Маковая дорога манила, звала вперед. Это было похоже на азартную скачку по степному безбрежью, которой так упивались запорожские всадники. Вскоре, однако, мы почувствовали усталость от этого ветреного порыва, безоглядности. Захотелось осмотреться, обозначить детали, обрамить увиденное. Тогда стали замечать и станичников с прокуренными усами, что сидели на колодах возле калиток, и юных рыбоудов по берегам мутных прудов и каналов, и чабанов, бредущих за отарами. Все легко и прочно ложилось в память. Много было цветов, хватало и ягодок. Возле села Екатериновки нас внезапно накрыл ливень. Благо рядом оказалась автобусная остановка, под навесом которой мы успели спрятаться. Просидели там почти до темноты. На ночлег располагаться уже было поздно, да и мокрота одна вокруг. Пошли проситься в приймы. У бабульки на окраине села стали расспрашивать дорогу до школы и вдруг услышали: «А вы звидкиля, хлопци, будете?» Так мы «въехали» в украинское кубанское село. «У нас тут наброд всякий, – объяснила бабулька. – В одних селах говорять, в других гуторять, а в третьих балакають. Вы как раз попали в то, где балакають». На следующее утро мы побывали в сельском краеведчском музейчике. Уже на первом стенде мне бросилась в глаза подпись под фотографией: «Самые первые поселенцы крестьяне из Запорожья». Одной рукой царица разрушала, другой одаривала, в одних землях ее называли «вражьей матерью», в других – «благодетельницей». И все же память – штука каверзная – с одинаковой силой цепляется за злое и доброе.

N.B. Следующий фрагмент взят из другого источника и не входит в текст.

(* Let $d\ge1$, $\epsilon>0$, $\theta>0$ with $\theta\epsilon^2\ge c_0>0$, and $x\in\mathbb R^d$. Let $(\Pi(s))_{s\ge0}$ be a rate one Poisson process and $T(t)=\Pi(\theta t)/\theta$. Then for all $t\ge0$ and $y\in\mathbb R^d$, $\psi^{\epsilon,x}_t(y)=\mathbb E[p_{\epsilon^2+T(t)}(x,y)]$, and there is a constant $C$, independent of $\epsilon$ and $t$ (depending only on $d$ and $c_0$), such that $\|\psi^{\epsilon,x}_t\|_\infty\le\frac{C}{(\epsilon^2+t)^{d/2}}$.
   Context: $p_t(x,y)=(2\pi t)^{-d/2}\exp(-\|x-y\|^2/(2t))$ is the heat kernel. $q_\theta(x,dy)$ is the Gaussian distribution with mean $x$ and covariance $\theta^{-1}I$, and $\mathcal L^\theta f(x)=\theta\int(f(y)-f(x))q_\theta(x,dy)$ (the generator of a random walk jumping at rate $\theta$ with centered Gaussian jumps of covariance $\theta^{-1}I$). $\psi^{\epsilon,x}_t$ is the solution of $\partial_t\psi=\mathcal L^\theta\psi$ with $\psi_0(y)=p_{\epsilon^2}(x,y)$. *)

theory Defs
  imports "HOL-Analysis.Analysis" "HOL-Probability.Probability"
begin

definition heat_kernel :: "real \<Rightarrow> real^'n \<Rightarrow> real^'n \<Rightarrow> real" where
  "heat_kernel t x y =
     (2 * pi * t) powr (- real CARD('n) / 2) * exp (- (norm (x - y) ^ 2) / (2 * t))"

На следующее утро путь наш пролегал через станицу Старощербиновскую. Здесь «запорожский» след проявился в виде памятника казаку (к нему нас, кстати, привела улица имени Шевченко), который по внешнему виду имел полное основание называться запорожцем. В руках казак держал грамоту, на которой были выбиты слова: «Всемилостивейше пожалована Войску Черноморскому в личное владение состоящий в области Таврической остров Фанагорию с землею лежащею на правой стороне реке Кубани от устья Еи к Усть-Лабинскому редуту, так чтобы с одной стороны была Кубань, с другой Азовское море. Войску Черноморскому надлежит единение и стража пограничная от набегов народов закубанских».

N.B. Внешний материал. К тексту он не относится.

(* Let $\mathbb K$ be a field with $2\in\mathbb K^\times$, $A$ a unital commutative associative $\mathbb K$-algebra, $\mathfrak k$ a $\mathbb K$-Lie algebra and $\mathfrak g=A\otimes\mathfrak k$. Then $$P(Z_2(\mathfrak g))=(\Lambda^2(A)\otimes S^2(\mathfrak k))\oplus(A\otimes Z_2(\mathfrak k))\oplus(I_A\otimes\Lambda^2(\mathfrak k)).$$
   Context: $\mathfrak g$ has bracket $[a\otimes x,a'\otimes x']=aa'\otimes[x,x']$, $ax=a\otimes x$, unit $\mathbf 1$. $v\wedge w=\tfrac12(v\otimes w-w\otimes v)$, $v\vee w=\tfrac12(v\otimes w+w\otimes v)$. For a Lie algebra $\mathfrak h$, $Z_2(\mathfrak h)$ is the kernel of $\Lambda^2(\mathfrak h)\to\mathfrak h$, $u\wedge v\mapsto[u,v]$. $I_A$ is the kernel of multiplication $S^2(A)\to A$. $P=(p_1,p_2,p_3)$ is the linear isomorphism $\Lambda^2(\mathfrak g)\to(\Lambda^2(A)\otimes S^2(\mathfrak k))\oplus(A\otimes\Lambda^2(\mathfrak k))\oplus(I_A\otimes\Lambda^2(\mathfrak k))$ with $p_1(ax\wedge by)=a\wedge b\otimes x\vee y$, $p_2(ax\wedge by)=ab\otimes x\wedge y$, $p_3(ax\wedge by)=(a\vee b-ab\vee\mathbf 1)\otimes x\wedge y$. *)

theory Defs
  imports Complex_Main "HOL-Library.Function_Algebras"
begin

text \<open>
Tensor products of vector spaces over a field 'f are modelled by presentations:
a presented space is an index type 'i together with a set R of relations in the
free vector space of finitely supported functions 'i => 'f; the space itself is
the quotient (free space) / span R.  Subspaces are represented by their full
preimages in the free space (subspaces of the free space containing span R).
\<close>

definition free_space :: "('i \<Rightarrow> 'f::zero) set" where
  "free_space = {f. finite {i. f i \<noteq> 0}}"

definition delta :: "'i \<Rightarrow> 'i \<Rightarrow> 'f::zero_neq_one" where
  "delta i = (\<lambda>j. if j = i then 1 else 0)"

definition smul :: "'f::times \<Rightarrow> ('i \<Rightarrow> 'f) \<Rightarrow> ('i \<Rightarrow> 'f)" where
  "smul c f = (\<lambda>i. c * f i)"

definition lspan :: "('i \<Rightarrow> 'f::field) set \<Rightarrow> ('i \<Rightarrow> 'f) set" where
  "lspan S = {v. \<exists>F c. finite F \<and> F \<subseteq> S \<and> v = (\<Sum>s\<in>F. smul (c s) s)}"

text \<open>relations presenting a vector space V (with scalar multiplication sc) as a quotient of
  the free space on V\<close>
definition lin_rel :: "('f::field \<Rightarrow> 'v::ab_group_add \<Rightarrow> 'v) \<Rightarrow> ('v \<Rightarrow> 'f) set" where
  "lin_rel sc = {delta (a + b) - delta a - delta b | a b. True}
              \<union> {delta (sc c a) - smul c (delta a) | c a. True}"

definition ptens :: "('i \<Rightarrow> 'f::times) \<Rightarrow> ('j \<Rightarrow> 'f) \<Rightarrow> ('i \<times> 'j \<Rightarrow> 'f)" where
  "ptens f g = (\<lambda>(i, j). f i * g j)"

definition tens_rel :: "('i \<Rightarrow> 'f::field) set \<Rightarrow> ('j \<Rightarrow> 'f) set \<Rightarrow> ('i \<times> 'j \<Rightarrow> 'f) set" where
  "tens_rel R1 R2 = {ptens r (delta j) | r j. r \<in> R1} \<union> {ptens (delta i) r | i r. r \<in> R2}"

definition wedge :: "('i \<Rightarrow> 'f::field) \<Rightarrow> ('i \<Rightarrow> 'f) \<Rightarrow> ('i \<times> 'i \<Rightarrow> 'f)" where
  "wedge v w = smul (inverse 2) (ptens v w - ptens w v)"

definition vee :: "('i \<Rightarrow> 'f::field) \<Rightarrow> ('i \<Rightarrow> 'f) \<Rightarrow> ('i \<times> 'i \<Rightarrow> 'f)" where
  "vee v w = smul (inverse 2) (ptens v w + ptens w v)"

definition Lam2 :: "('i \<Rightarrow> 'f::field) set \<Rightarrow> ('i \<times> 'i \<Rightarrow> 'f) set" where
  "Lam2 R = lspan ({wedge v w | v w. v \<in> free_space \<and> w \<in> free_space} \<union> tens_rel R R)"

definition Sym2 :: "('i \<Rightarrow> 'f::field) set \<Rightarrow> ('i \<times> 'i \<Rightarrow> 'f) set" where
  "Sym2 R = lspan ({vee v w | v w. v \<in> free_space \<and> w \<in> free_space} \<union> tens_rel R R)"

definition lext :: "('i \<Rightarrow> ('j \<Rightarrow> 'f::field)) \<Rightarrow> ('i \<Rightarrow> 'f) \<Rightarrow> ('j \<Rightarrow> 'f)" where
  "lext \<phi> t = (\<Sum>i\<in>{i. t i \<noteq> 0}. smul (t i) (\<phi> i))"

definition Z2 :: "('i \<Rightarrow> 'f::field) set \<Rightarrow> ('i \<times> 'i \<Rightarrow> ('i \<Rightarrow> 'f)) \<Rightarrow> ('i \<times> 'i \<Rightarrow> 'f) set" where
  "Z2 R brk = {t \<in> Lam2 R. lext brk t \<in> lspan R}"

definition I_A :: "('f::field \<Rightarrow> 'a::ab_group_add \<Rightarrow> 'a) \<Rightarrow> ('a \<Rightarrow> 'a \<Rightarrow> 'a) \<Rightarrow> ('a \<times> 'a \<Rightarrow> 'f) set" where
  "I_A sA mA = {t \<in> Sym2 (lin_rel sA). lext (\<lambda>(a, b). delta (mA a b)) t \<in> lspan (lin_rel sA)}"

definition g_rel :: "('f::field \<Rightarrow> 'a::ab_group_add \<Rightarrow> 'a) \<Rightarrow> ('f \<Rightarrow> 'k::ab_group_add \<Rightarrow> 'k)
    \<Rightarrow> ('a \<times> 'k \<Rightarrow> 'f) set" where
  "g_rel sA sK = tens_rel (lin_rel sA) (lin_rel sK)"

definition g_br :: "('a \<Rightarrow> 'a \<Rightarrow> 'a) \<Rightarrow> ('k \<Rightarrow> 'k \<Rightarrow> 'k)
    \<Rightarrow> ('a \<times> 'k) \<times> ('a \<times> 'k) \<Rightarrow> ('a \<times> 'k \<Rightarrow> 'f::field)" where
  "g_br mA brK = (\<lambda>((a, x), (b, y)). ptens (delta (mA a b)) (delta (brK x y)))"

text \<open>The components of P on generators ax (x) by (they agree with the paper's formulas on
  ax wedge by, the latter being half the antisymmetrisation)\<close>
definition p1 :: "('a \<times> 'k) \<times> ('a \<times> 'k) \<Rightarrow> (('a \<times> 'a) \<times> ('k \<times> 'k) \<Rightarrow> 'f::field)" where
  "p1 = (\<lambda>((a, x), (b, y)). ptens (wedge (delta a) (delta b)) (vee (delta x) (delta y)))"

definition p2 :: "('a \<Rightarrow> 'a \<Rightarrow> 'a) \<Rightarrow> ('a \<times> 'k) \<times> ('a \<times> 'k) \<Rightarrow> ('a \<times> ('k \<times> 'k) \<Rightarrow> 'f::field)" where
  "p2 mA = (\<lambda>((a, x), (b, y)). ptens (delta (mA a b)) (wedge (delta x) (delta y)))"

definition p3 :: "('a \<Rightarrow> 'a \<Rightarrow> 'a) \<Rightarrow> 'a \<Rightarrow> ('a \<times> 'k) \<times> ('a \<times> 'k)
    \<Rightarrow> (('a \<times> 'a) \<times> ('k \<times> 'k) \<Rightarrow> 'f::field)" where
  "p3 mA oneA = (\<lambda>((a, x), (b, y)).
     ptens (vee (delta a) (delta b) - vee (delta (mA a b)) (delta oneA)) (wedge (delta x) (delta y)))"

end

(*
  On the generators ax /\ by of Lambda^2(g), p_1 and p_3 take the values (a /\ b) (x) (x \/ y)
  and (a \/ b - ab \/ 1) (x) (x /\ y), so they map all of Lambda^2(g) into the first and third
  summand.  For p_2 we expand in a basis (e_b) of A: the coordinate maps A (x) V -> V along
  e_b carry the bracket of g to that of k, up to the relation [x, y] + [y, x] = 0, so every
  coordinate of p_2(t) lies in Z_2(k) when t lies in Z_2(g).

  Conversely, each generator of the three summands has an explicit preimage in Z_2(g):
  (ax /\ by + ay /\ bx) / 2 for (a /\ b) (x) (x \/ y), the sum of a x_j /\ 1 y_j for
  a (x) (sum of x_j /\ y_j), and the sum of (a_j x /\ b_j y - a_j y /\ b_j x) / 2 for
  (sum of a_j \/ b_j) (x) (x /\ y).  The bracket of the last one is m(i) (x) [x, y], which
  is a relation because i = sum of a_j \/ b_j lies in I_A, so that m(i) = 0 in A.
*)

theory Submission
  imports Defs
begin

А еще через несколько дней мы достигли станицы Запорожской, которая располагается на Тамани в двадцати километрах от Керченского пролива. На рекламном щите она названа краем трех морей. Черное, Азовское – понятно (полуостров Тамань расположен между ними. – Примеч. ред.), а третье? Под ним, скорее всего, подразумевалось зеленое море виноградников (они безграничны и уходят за горизонт, как у нас пшеничные поля) и вино, которое производится на местном винзаводе. Мускат запорожский, кстати, признан лучшим из кубанских мускатов. Не запорожцы ли, которые знали толк в разных хлебных и виноградных винах (в том числе и заморских!), занесли сюда культуру виноделия? Во всяком случае, украинско-казацкое «Будьмо!» здесь на Тамани и под мускат, и под горилочку-оковитую, и под местный самограй (самогон. – Примеч. ред.) (всего довелось попробовать) звучало весьма уместно. Станица Динская стала Запорожской в 1910 году. Посчитали, что раз в крае живут потомки запорожских казаков, то хотя бы один населенный пункт должен точно и конкретно указывать на прародину кубанских казацких удальцов.

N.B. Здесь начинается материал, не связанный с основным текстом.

(* Let $M$ be a smooth manifold and let $\gamma:[a,b]\to M$ be a tree-like path that is piecewise smoothly immersed. Then $\gamma$ is retraceable, i.e. retrace equivalent to a constant path.
   Context: A path $\gamma:[a,b]\to M$ is tree-like if there exist an $\mathbb{R}$-tree $T$ and continuous maps $\phi:[a,b]\to T$ and $\psi:T\to M$ with $\gamma=\psi\circ\phi$ and $\phi(a)=\phi(b)$. A path is piecewise smoothly immersed if it is a finite concatenation of smooth immersions. Paths are considered up to reparametrization and collapsing of constant subpaths; the retrace relation is the equivalence relation finitely generated by $\alpha aa^{-1}\beta\sim\alpha\beta$, where $a^{-1}(t)=a(1-t)$ and juxtaposition is concatenation. *)

theory Defs
  imports "HOL-Analysis.Analysis"
begin

coinductive smooth_on :: "'a::euclidean_space set \<Rightarrow> ('a \<Rightarrow> 'b::real_normed_vector) \<Rightarrow> bool"
  for S where
  "f differentiable_on S \<Longrightarrow>
   (\<forall>v\<in>Basis. smooth_on S (\<lambda>x. frechet_derivative f (at x) v)) \<Longrightarrow>
   smooth_on S f"

definition smooth_manifold :: "'m::topological_space set \<Rightarrow> (('m \<Rightarrow> 'e::euclidean_space) \<times> 'm set) set \<Rightarrow> bool" where
  "smooth_manifold M A \<longleftrightarrow>
     Hausdorff_space (top_of_set M) \<and>
     second_countable (top_of_set M) \<and>
     (\<forall>(\<phi>, U)\<in>A. openin (top_of_set M) U \<and> open (\<phi> ` U) \<and>
                  homeomorphic_map (top_of_set U) (top_of_set (\<phi> ` U)) \<phi>) \<and>
     M \<subseteq> (\<Union>(\<phi>, U)\<in>A. U) \<and>
     (\<forall>(\<phi>, U)\<in>A. \<forall>(\<psi>, V)\<in>A.
        smooth_on (\<phi> ` (U \<inter> V)) (\<psi> \<circ> inv_into U \<phi>))"

definition smooth_immersion_on ::
  "'m::topological_space set \<Rightarrow> (('m \<Rightarrow> 'e::euclidean_space) \<times> 'm set) set \<Rightarrow> real \<Rightarrow> real \<Rightarrow> (real \<Rightarrow> 'm) \<Rightarrow> bool" where
  "smooth_immersion_on M A s t c \<longleftrightarrow>
     s < t \<and>
     (\<exists>\<epsilon>>0. \<exists>c'. continuous_on {s-\<epsilon><..<t+\<epsilon>} c' \<and> c' ` {s-\<epsilon><..<t+\<epsilon>} \<subseteq> M \<and>
        (\<forall>x\<in>{s..t}. c' x = c x) \<and>
        (\<forall>(\<phi>, U)\<in>A.
           let S = {x\<in>{s-\<epsilon><..<t+\<epsilon>}. c' x \<in> U} in
           smooth_on S (\<phi> \<circ> c') \<and>
           (\<forall>x\<in>S. vector_derivative (\<phi> \<circ> c') (at x) \<noteq> 0)))"

definition piecewise_smooth_immersion ::
  "'m::topological_space set \<Rightarrow> (('m \<Rightarrow> 'e::euclidean_space) \<times> 'm set) set \<Rightarrow> real \<Rightarrow> real \<Rightarrow> (real \<Rightarrow> 'm) \<Rightarrow> bool" where
  "piecewise_smooth_immersion M A a b \<gamma> \<longleftrightarrow>
     (\<exists>k::nat. \<exists>t::nat \<Rightarrow> real. k \<ge> 1 \<and> t 0 = a \<and> t k = b \<and>
        (\<forall>i<k. t i < t (Suc i) \<and> smooth_immersion_on M A (t i) (t (Suc i)) \<gamma>))"

definition is_rtree :: "'a::metric_space set \<Rightarrow> bool" where
  "is_rtree T \<longleftrightarrow>
     (\<forall>x\<in>T. \<forall>y\<in>T. \<exists>h. h ` {0..dist x y} \<subseteq> T \<and> h 0 = x \<and> h (dist x y) = y \<and>
        (\<forall>s\<in>{0..dist x y}. \<forall>u\<in>{0..dist x y}. dist (h s) (h u) = \<bar>s - u\<bar>)) \<and>
     (\<forall>g h. arc g \<and> arc h \<and> path_image g \<subseteq> T \<and> path_image h \<subseteq> T \<and>
        pathstart g = pathstart h \<and> pathfinish g = pathfinish h \<longrightarrow>
        path_image g = path_image h)"

text \<open>Tree-like with respect to a given R-tree T (living in the metric type 'a).
The existential over the R-tree becomes a universally quantified type variable
in the theorem.\<close>

definition tree_like_via :: "'a::metric_space set \<Rightarrow> 'm::topological_space set \<Rightarrow> real \<Rightarrow> real \<Rightarrow> (real \<Rightarrow> 'm) \<Rightarrow> bool" where
  "tree_like_via T M a b \<gamma> \<longleftrightarrow> is_rtree T \<and>
     (\<exists>\<phi> \<psi>. continuous_on {a..b} \<phi> \<and> \<phi> ` {a..b} \<subseteq> T \<and>
            continuous_on T \<psi> \<and> \<psi> ` T \<subseteq> M \<and>
            (\<forall>t\<in>{a..b}. \<gamma> t = \<psi> (\<phi> t)) \<and> \<phi> a = \<phi> b)"

text \<open>Two paths are elementarily equivalent if both are reparametrisations of a
common path by nondecreasing continuous surjections of [0,1] (this covers
reparametrisation and collapsing/inserting constant subpaths).\<close>

definition reparam_of :: "(real \<Rightarrow> 'm::topological_space) \<Rightarrow> (real \<Rightarrow> 'm) \<Rightarrow> bool" where
  "reparam_of p q \<longleftrightarrow> (\<exists>\<sigma>. continuous_on {0..1} \<sigma> \<and> \<sigma> ` {0..1} = {0..1} \<and>
      mono_on {0..1} \<sigma> \<and> (\<forall>t\<in>{0..1}. p t = q (\<sigma> t)))"

definition path_equiv :: "'m::topological_space set \<Rightarrow> (real \<Rightarrow> 'm) \<Rightarrow> (real \<Rightarrow> 'm) \<Rightarrow> bool" where
  "path_equiv M = (\<lambda>p q. path p \<and> path_image p \<subseteq> M \<and> path q \<and> path_image q \<subseteq> M \<and>
      (\<exists>r. path r \<and> path_image r \<subseteq> M \<and> reparam_of p r \<and> reparam_of q r))\<^sup>*\<^sup>*"

definition retrace_step :: "'m::topological_space set \<Rightarrow> (real \<Rightarrow> 'm) \<Rightarrow> (real \<Rightarrow> 'm) \<Rightarrow> bool" where
  "retrace_step M p q \<longleftrightarrow>
     (\<exists>\<alpha> c \<beta>. path \<alpha> \<and> path c \<and> path \<beta> \<and>
        path_image \<alpha> \<subseteq> M \<and> path_image c \<subseteq> M \<and> path_image \<beta> \<subseteq> M \<and>
        pathfinish \<alpha> = pathstart c \<and> pathstart \<beta> = pathstart c \<and>
        path_equiv M p (\<alpha> +++ (c +++ (reversepath c +++ \<beta>))) \<and>
        path_equiv M q (\<alpha> +++ \<beta>))"

definition retrace_equiv :: "'m::topological_space set \<Rightarrow> (real \<Rightarrow> 'm) \<Rightarrow> (real \<Rightarrow> 'm) \<Rightarrow> bool" where
  "retrace_equiv M = (\<lambda>p q. path_equiv M p q \<or> retrace_step M p q \<or> retrace_step M q p)\<^sup>*\<^sup>*"

definition retraceable :: "'m::topological_space set \<Rightarrow> real \<Rightarrow> real \<Rightarrow> (real \<Rightarrow> 'm) \<Rightarrow> bool" where
  "retraceable M a b \<gamma> \<longleftrightarrow>
     (\<exists>x\<in>M. retrace_equiv M (\<lambda>t. \<gamma> (a + t * (b - a))) (\<lambda>t. x))"

end

theory Submission
  imports Defs
begin

(* Write the tree-like path as gamma = psi o phi with phi a closed path in an R-tree T.
   On each piece gamma is an immersion, hence locally injective, and so is phi; by a Lebesgue
   number argument phi is then, up to reparametrisation, a concatenation of arcs.  Arcs in T
   are unique, so if two consecutive arcs g, h meet again before their common endpoint, the end
   of g and the beginning of h are the same arc run back and forth: one retraction removes it
   and leaves a chain with fewer arcs.  Hence a closed chain retracts to a constant, and
   composing all retractions with psi retracts gamma. *)

section \<open>Subpaths with values in a topological space\<close>

(* The library's subpath requires a normed codomain; this is the same map for any codomain. *)
definition top_subpath :: "real \<Rightarrow> real \<Rightarrow> (real \<Rightarrow> 'a) \<Rightarrow> real \<Rightarrow> 'a" where
  "top_subpath u v g = (\<lambda>x. g ((v - u) * x + u))"

lemma path_const_top [simp]: "path (\<lambda>_. x)"
  by (simp add: path_def)

lemma top_subpath_0_1 [simp]: "top_subpath 0 1 g = g"
  by (simp add: top_subpath_def)

lemma top_subpath_refl: "top_subpath u u g = (\<lambda>_. g u)"
  by (simp add: top_subpath_def)

lemma pathstart_top_subpath [simp]: "pathstart (top_subpath u v g) = g u"
  by (simp add: top_subpath_def pathstart_def)

lemma pathfinish_top_subpath [simp]: "pathfinish (top_subpath u v g) = g v"
  by (simp add: top_subpath_def pathfinish_def)

lemma affine_image_unit_interval:
  fixes u v :: real
  assumes "u \<le> v"
  shows "(\<lambda>x. (v - u) * x + u) ` {0..1} = {u..v}"
  using assms by (simp add: image_affinity_atLeastAtMost)

lemma path_image_top_subpath:
  assumes "u \<le> v"
  shows "path_image (top_subpath u v g) = g ` {u..v}"
proof -
  have "path_image (top_subpath u v g) = g ` (\<lambda>x. (v - u) * x + u) ` {0..1}"
    by (simp add: path_image_def top_subpath_def image_image)
  then show ?thesis
    using affine_image_unit_interval[OF assms] by simp
qed

lemma path_top_subpath:
  assumes "u \<le> v" "continuous_on {u..v} g"
  shows "path (top_subpath u v g)"
  unfolding path_def top_subpath_def
  by (rule continuous_on_compose2[OF assms(2)])
     (use affine_image_unit_interval[OF assms(1)] in \<open>auto intro!: continuous_intros\<close>)

lemma path_top_subpath_of_path:
  assumes "path g" "u \<in> {0..1}" "v \<in> {0..1}" "u \<le> v"
  shows "path (top_subpath u v g)" "path_image (top_subpath u v g) \<subseteq> path_image g"
proof -
  have "continuous_on {u..v} g"
    using assms continuous_on_subset unfolding path_def by fastforce
  then show "path (top_subpath u v g)"
    by (rule path_top_subpath[OF assms(4)])
  show "path_image (top_subpath u v g) \<subseteq> path_image g"
    using assms path_image_top_subpath[of u v g] by (auto simp: path_image_def)
qed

Вишни на Кубани такие же, как и у нас, и вареники с вишнями кубанские хозяйки лепят не хуже, чем в украинских селах. И борщи здесь готовят знатные, и галушками не брезгуют, и сало любят, и песни украинские поют, и звучные казацкие тосты провозглашают, помня своих днепровских предков. Какое семя, такое и племя. Запорожское семя по всей кубанской земле… А где же все-таки начало? Как, каким путем прибыли сюда первые запорожцы? Из станицы Запорожской мы отправились в Тамань. Ровное блеклое море, глинистые обрывчики, камышовые болотца, зеленые луга, грязевые сопки вдалеке – ничто здесь не напоминает о легендарном прошлом края. Первыми заглянули сюда греки, основав на месте нынешней Тамани колонию Гермонассы (рядом возле станицы Сенной находилась античная Фанагория). Потом пришли хазары, построив город Таматархи. Наконец и русские добрались до этого солнечного цветущего пятачка. Город Тмутаракань был самой дальней вотчиной русских князей. Остался след и после турок. Турецким фонтаном местные жители называют удивительный источник, вода в который стекает по зарытым на склонах керамическим трубам. Этой криничкой до сих пор пользуются таманцы. Даже объявили местной реликвией и назначили смотрителя.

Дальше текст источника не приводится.